Exactly. I think Recaptcha was better when it was looking for consistency with other human answers. Using "AI" has the same problem you mentioned, plus its more vulnerable because it has the assumption that your "AI" is unapproachably far ahead of competitors.

nerdponx · on Jan 23, 2018

Street signs are a problem as well. Is the post part of the sign or not?

aswanson · on Jan 23, 2018

Twisted Turing test. There's a novel waiting to be written about this.

thom · on Jan 23, 2018

I went through exactly this today. Wasn't sure if it was the computer being dumb, or other people missing corners of signs or bridges etc. Still, takes me 5 goes every time.

pbhjpbhj · on Jan 23, 2018

The problem with the cars for me is their definition -- is that van classed as a car, how about the half-back, what about a 4x4, what about a 4x4 with no back windows, ...

indigochill · on Jan 23, 2018

What about a square that contains just a sliver of the car from the next box over? Does that still count? I hypothesize that my attempt to classify every pixel related to a car as a "car" may contribute to my failing of these tests.

toyg · on Jan 23, 2018

This is what kurtisc is saying. The algorithm is unable to classify those pixels, so you have to guess which bits of the car can be detected by the algorithm and then select only those. So you have machines asking humans to think like a machine in order to prove they are human.

js8 · on Jan 23, 2018

That was my experience with car and sign captchas as well..

But interestingly, it also depends on my mood, when I feel lazy, I click fewer boxes.

zer0t3ch · on Jan 23, 2018

Isn't it supposed to learn from you? IE, answering technically correctly but what it thinks is incorrect is slightly annoying for you, but better for the system in the long run. (ie better for everyone)
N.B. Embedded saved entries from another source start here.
(* Let $d\ge0$ be an even integer and $\lambda\in(0,\infty)\setminus\mathbb{N}$ with $d\le -2+2\left\lfloor\frac{\lambda+1}{2}\right\rfloor$. Then $S_{d,\mathbf{w}^\lambda}=S_{d+1,\mathbf{w}^\lambda}$.
   Context: Let $\phi:[0,1]\to(0,1]$ be non-increasing with $\phi(0)=1$ (in particular positive on $[0,1)$), $\omega(x)=\phi(|x|)$ for $|x|\le1$ and $0$ otherwise, and $w^\lambda_m=\omega(m/\lambda)$, $m\in\mathbb{Z}$. For an integer $e\ge0$ let $\Pi_e$ be the real polynomials of degree at most $e$. For $i\in\{0,1\}$ let $M_i=\{m\in\mathbb{Z}: m\equiv i\pmod 2,\ |m|<\lambda\}$. The weighted local polynomial regression scheme $S_{e,\mathbf{w}^\lambda}$ maps a real sequence $\mathbf{f}=(f_j)_{j\in\mathbb{Z}}$ to $(S\mathbf{f})_{2j+i}=\hat p(0)$ ($i\in\{0,1\}$, $j\in\mathbb{Z}$), where $\hat p$ is a minimizer of $\sum_{m\in M_i} w^\lambda_m(f_{j+(m+i)/2}-p(m))^2$ over $p\in\Pi_e$ (when the minimizer is not unique, $\hat p$ is an interpolating polynomial and its value at $0$ is independent of the choice). *)

theory Defs
  imports Complex_Main "HOL-Computational_Algebra.Polynomial"
begin

definition omega :: "(real \<Rightarrow> real) \<Rightarrow> real \<Rightarrow> real" where
  "omega phi x = (if \<bar>x\<bar> \<le> 1 then phi \<bar>x\<bar> else 0)"

definition wlam :: "(real \<Rightarrow> real) \<Rightarrow> real \<Rightarrow> int \<Rightarrow> real" where
  "wlam phi lam m = omega phi (real_of_int m / lam)"

definition Mset :: "real \<Rightarrow> int \<Rightarrow> int set" where
  "Mset lam i = {m. m mod 2 = i mod 2 \<and> \<bar>real_of_int m\<bar> < lam}"

definition lpr_cost ::
  "(int \<Rightarrow> real) \<Rightarrow> int set \<Rightarrow> (int \<Rightarrow> real) \<Rightarrow> int \<Rightarrow> int \<Rightarrow> real poly \<Rightarrow> real" where
  "lpr_cost w M f j i p =
     (\<Sum>m\<in>M. w m * (f (j + (m + i) div 2) - poly p (real_of_int m))\<^sup>2)"

definition lpr_scheme ::
  "nat \<Rightarrow> (real \<Rightarrow> real) \<Rightarrow> real \<Rightarrow> (int \<Rightarrow> real) \<Rightarrow> int \<Rightarrow> real" where
  "lpr_scheme e phi lam f k =
     (let i = k mod 2; j = k div 2;
          c = lpr_cost (wlam phi lam) (Mset lam i) f j i;
          p = (SOME p. degree p \<le> e \<and> (\<forall>q. degree q \<le> e \<longrightarrow> c p \<le> c q))
      in poly p 0)"

end

theory Submission
  imports Defs
begin

(*
  Both schemes are weighted least-squares fits on the node set M_i, which is symmetric
  under m -> -m and carries even, positive weights. The residual of a best fit is
  orthogonal to the polynomials it competes with, so the difference h of the fits of
  degree d+1 and d is orthogonal to Pi_d. As d+1 is odd, the even part g of h lies in
  Pi_d, and symmetry gives <g,g> = (<h,g> + <h(-.),g>)/2 = <h,g> = 0; hence g vanishes
  on M_i. Since g(0) = h(0), it remains that M_i determines the value at 0 of a
  polynomial in Pi_d: for i = 0 because 0 is a node, for i = 1 because the bound on d
  (strict, as lambda is not an integer) keeps the d+2 odd nodes +-1, ..., +-(d+1)
  inside M_1.
*)

(* Unlike a degree bound, this family contains the zero space, which starts the
   induction in orthogonal_projection_exists. *)
definition polys_below :: "nat \<Rightarrow> 'a::zero poly set" where
  "polys_below n = {p. \<forall>k\<ge>n. coeff p k = 0}"

lemma polys_below_0: "polys_below 0 = {0}"
  by (auto simp: polys_below_def poly_eq_iff)

lemma polys_below_Suc_iff: "p \<in> polys_below (Suc e) \<longleftrightarrow> degree p \<le> e"
  by (auto simp: polys_below_def intro: degree_le coeff_eq_0)

definition even_part :: "'a::field poly \<Rightarrow> 'a poly" where
  "even_part h = smult (1/2) (h + h \<circ>\<^sub>p [:0, -1:])"

lemma poly_even_part: "poly (even_part h) x = (poly h x + poly h (- x)) / 2"
  by (simp add: even_part_def poly_pcompose)

lemma degree_even_part:
  assumes "even d" and "degree h \<le> Suc d"
  shows "degree (even_part h) \<le> d"
proof (rule degree_le, intro allI impI)
  fix i assume "d < i"
  then have "odd i \<or> coeff h i = 0"
    using assms by (cases "i = Suc d") (auto intro: coeff_eq_0)
  then show "coeff (even_part h) i = 0"
    by (auto simp: even_part_def coeff_pcompose_linear)
qed

lemma linear_coeff_zero_if_quadratic_dominates:
  fixes a b :: real
  assumes dom: "\<forall>t. 2 * t * a \<le> t\<^sup>2 * b"
  shows "a = 0"
proof -
  have "0 \<le> b" using dom[rule_format, of 1] dom[rule_format, of "-1"] by simp
  define t where "t = a / (b + 1)"
  have a_eq: "a = t * (b + 1)" using \<open>0 \<le> b\<close> by (simp add: t_def)
  have "2 * t * (t * (b + 1)) \<le> t\<^sup>2 * b" using dom a_eq by metis
  then have "t\<^sup>2 * (b + 2) \<le> 0" by (simp add: algebra_simps power2_eq_square)
  then have "t = 0" using \<open>0 \<le> b\<close> by (simp add: mult_le_0_iff)
  then show "a = 0" using a_eq by simp
qed

locale weighted_lsq =
  fixes M :: "int set" and w :: "int \<Rightarrow> real"
  assumes finite_nodes: "finite M"
    and weight_nonneg: "m \<in> M \<Longrightarrow> 0 \<le> w m"
begin

definition inner_w :: "(int \<Rightarrow> real) \<Rightarrow> (int \<Rightarrow> real) \<Rightarrow> real" where
  "inner_w u v = (\<Sum>m\<in>M. w m * u m * v m)"

definition cost :: "(int \<Rightarrow> real) \<Rightarrow> real poly \<Rightarrow> real" where
  "cost y p = (\<Sum>m\<in>M. w m * (y m - poly p (of_int m))\<^sup>2)"

lemma lpr_cost_eq_cost: "lpr_cost w M f j i = cost (\<lambda>m. f (j + (m + i) div 2))"
  by (simp add: fun_eq_iff lpr_cost_def cost_def)

definition best_fit :: "nat \<Rightarrow> (int \<Rightarrow> real) \<Rightarrow> real poly \<Rightarrow> bool" where
  "best_fit e y p \<longleftrightarrow> degree p \<le> e \<and> (\<forall>q. degree q \<le> e \<longrightarrow> cost y p \<le> cost y q)"

abbreviation poly_fun :: "real poly \<Rightarrow> int \<Rightarrow> real" where
  "poly_fun p \<equiv> \<lambda>m. poly p (of_int m)"

abbreviation residual :: "(int \<Rightarrow> real) \<Rightarrow> real poly \<Rightarrow> int \<Rightarrow> real" where
  "residual y p \<equiv> \<lambda>m. y m - poly p (of_int m)"

lemma inner_w_add_left: "inner_w (\<lambda>m. u m + v m) z = inner_w u z + inner_w v z"
  by (simp add: inner_w_def algebra_simps sum.distrib)

lemma inner_w_diff_left: "inner_w (\<lambda>m. u m - v m) z = inner_w u z - inner_w v z"
  by (simp add: inner_w_def algebra_simps sum_subtractf)

lemma inner_w_scale_left: "inner_w (\<lambda>m. c * u m) z = c * inner_w u z"
  by (simp add: inner_w_def sum_distrib_left mult_ac)

lemma inner_w_add_right: "inner_w z (\<lambda>m. u m + v m) = inner_w z u + inner_w z v"
  by (simp add: inner_w_def algebra_simps sum.distrib)

lemma inner_w_scale_right: "inner_w z (\<lambda>m. c * u m) = c * inner_w z u"
  by (simp add: inner_w_def sum_distrib_left mult_ac)

lemma inner_w_self_nonneg: "0 \<le> inner_w u u"
  by (simp add: inner_w_def weight_nonneg sum_nonneg mult.assoc)

lemma inner_w_self_eq_0_imp_orthogonal:
  assumes "inner_w u u = 0"
  shows "inner_w v u = 0"
proof -
  have "\<forall>m\<in>M. w m * u m * u m = 0"
    using assms finite_nodes weight_nonneg
    by (subst sum_nonneg_eq_0_iff[symmetric]) (auto simp: inner_w_def mult.assoc)
  then have "\<forall>m\<in>M. w m * u m = 0" by simp
  then show ?thesis by (auto simp: inner_w_def mult_ac intro!: sum.neutral)
qed

lemma cost_add:
  "cost y (p + q) = cost y p - 2 * inner_w (residual y p) (poly_fun q) + inner_w (poly_fun q) (poly_fun q)"
proof -
  have "w m * (y m - poly (p + q) (of_int m))\<^sup>2 = w m * (y m - poly p (of_int m))\<^sup>2
      - 2 * (w m * (y m - poly p (of_int m)) * poly q (of_int m)) + w m * poly q (of_int m) * poly q (of_int m)" for m
    by (simp add: power2_eq_square algebra_simps)
  then show ?thesis by (simp add: cost_def inner_w_def sum.distrib sum_subtractf sum_distrib_left)
qed

lemma best_fit_iff_orthogonal:
  assumes "degree p \<le> e"
  shows "best_fit e y p \<longleftrightarrow> (\<forall>q. degree q \<le> e \<longrightarrow> inner_w (residual y p) (poly_fun q) = 0)"
proof
  assume fit: "best_fit e y p"
  show "\<forall>q. degree q \<le> e \<longrightarrow> inner_w (residual y p) (poly_fun q) = 0"
  proof (intro allI impI)
    fix q :: "real poly" assume "degree q \<le> e"
    have "2 * t * inner_w (residual y p) (poly_fun q) \<le> t\<^sup>2 * inner_w (poly_fun q) (poly_fun q)" for t
    proof -
      have "degree (p + smult t q) \<le> e"
        using assms \<open>degree q \<le> e\<close> by (simp add: degree_add_le)
      then have "cost y p \<le> cost y (p + smult t q)" using fit by (simp add: best_fit_def)
      then show ?thesis
        by (simp add: cost_add inner_w_scale_left inner_w_scale_right power2_eq_square mult_ac)
    qed
    then show "inner_w (residual y p) (poly_fun q) = 0"
      by (intro linear_coeff_zero_if_quadratic_dominates) blast
  qed
next
  assume orth: "\<forall>q. degree q \<le> e \<longrightarrow> inner_w (residual y p) (poly_fun q) = 0"
  have "cost y p \<le> cost y q" if "degree q \<le> e" for q
  proof -
    have "degree (q - p) \<le> e" using assms that by (simp add: degree_diff_le)
    then have "cost y (p + (q - p)) = cost y p + inner_w (poly_fun (q - p)) (poly_fun (q - p))"
      using orth by (simp only: cost_add)
    then show ?thesis using inner_w_self_nonneg by simp
  qed
  then show "best_fit e y p" using assms by (simp add: best_fit_def)
qed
moreless · on Jan 23, 2018

Everyone? Or Google? I don't feel particularly happy about being used as a lab rat, so no, thank you - I don't care about the quality of Google's AI. If anything, I would purposefully mislead it if I knew how.

amrrs · on Jan 23, 2018

Don't you think that's how a lot of training data can be generated efficient for future ML/AI breakthroughs?

kbart · on Jan 23, 2018

So we will get even more "targeted ads" in our faces? No, thanks. I think ML/AI has a great potential (especially in medicine), but I just don't trust ad companies to use it for any good cause.

JshWright · on Jan 23, 2018

Has Google published this training set somewhere? Until they do, you're absolutely right that this is a great way to build a training set, but I don't see how it's to anyone's benefit but Google's.

dboreham · on Jan 23, 2018

I find the same thing with the road signs : other people are giving (imho) the wrong answer by not including squares that cover a small, but non-zero part of the sign.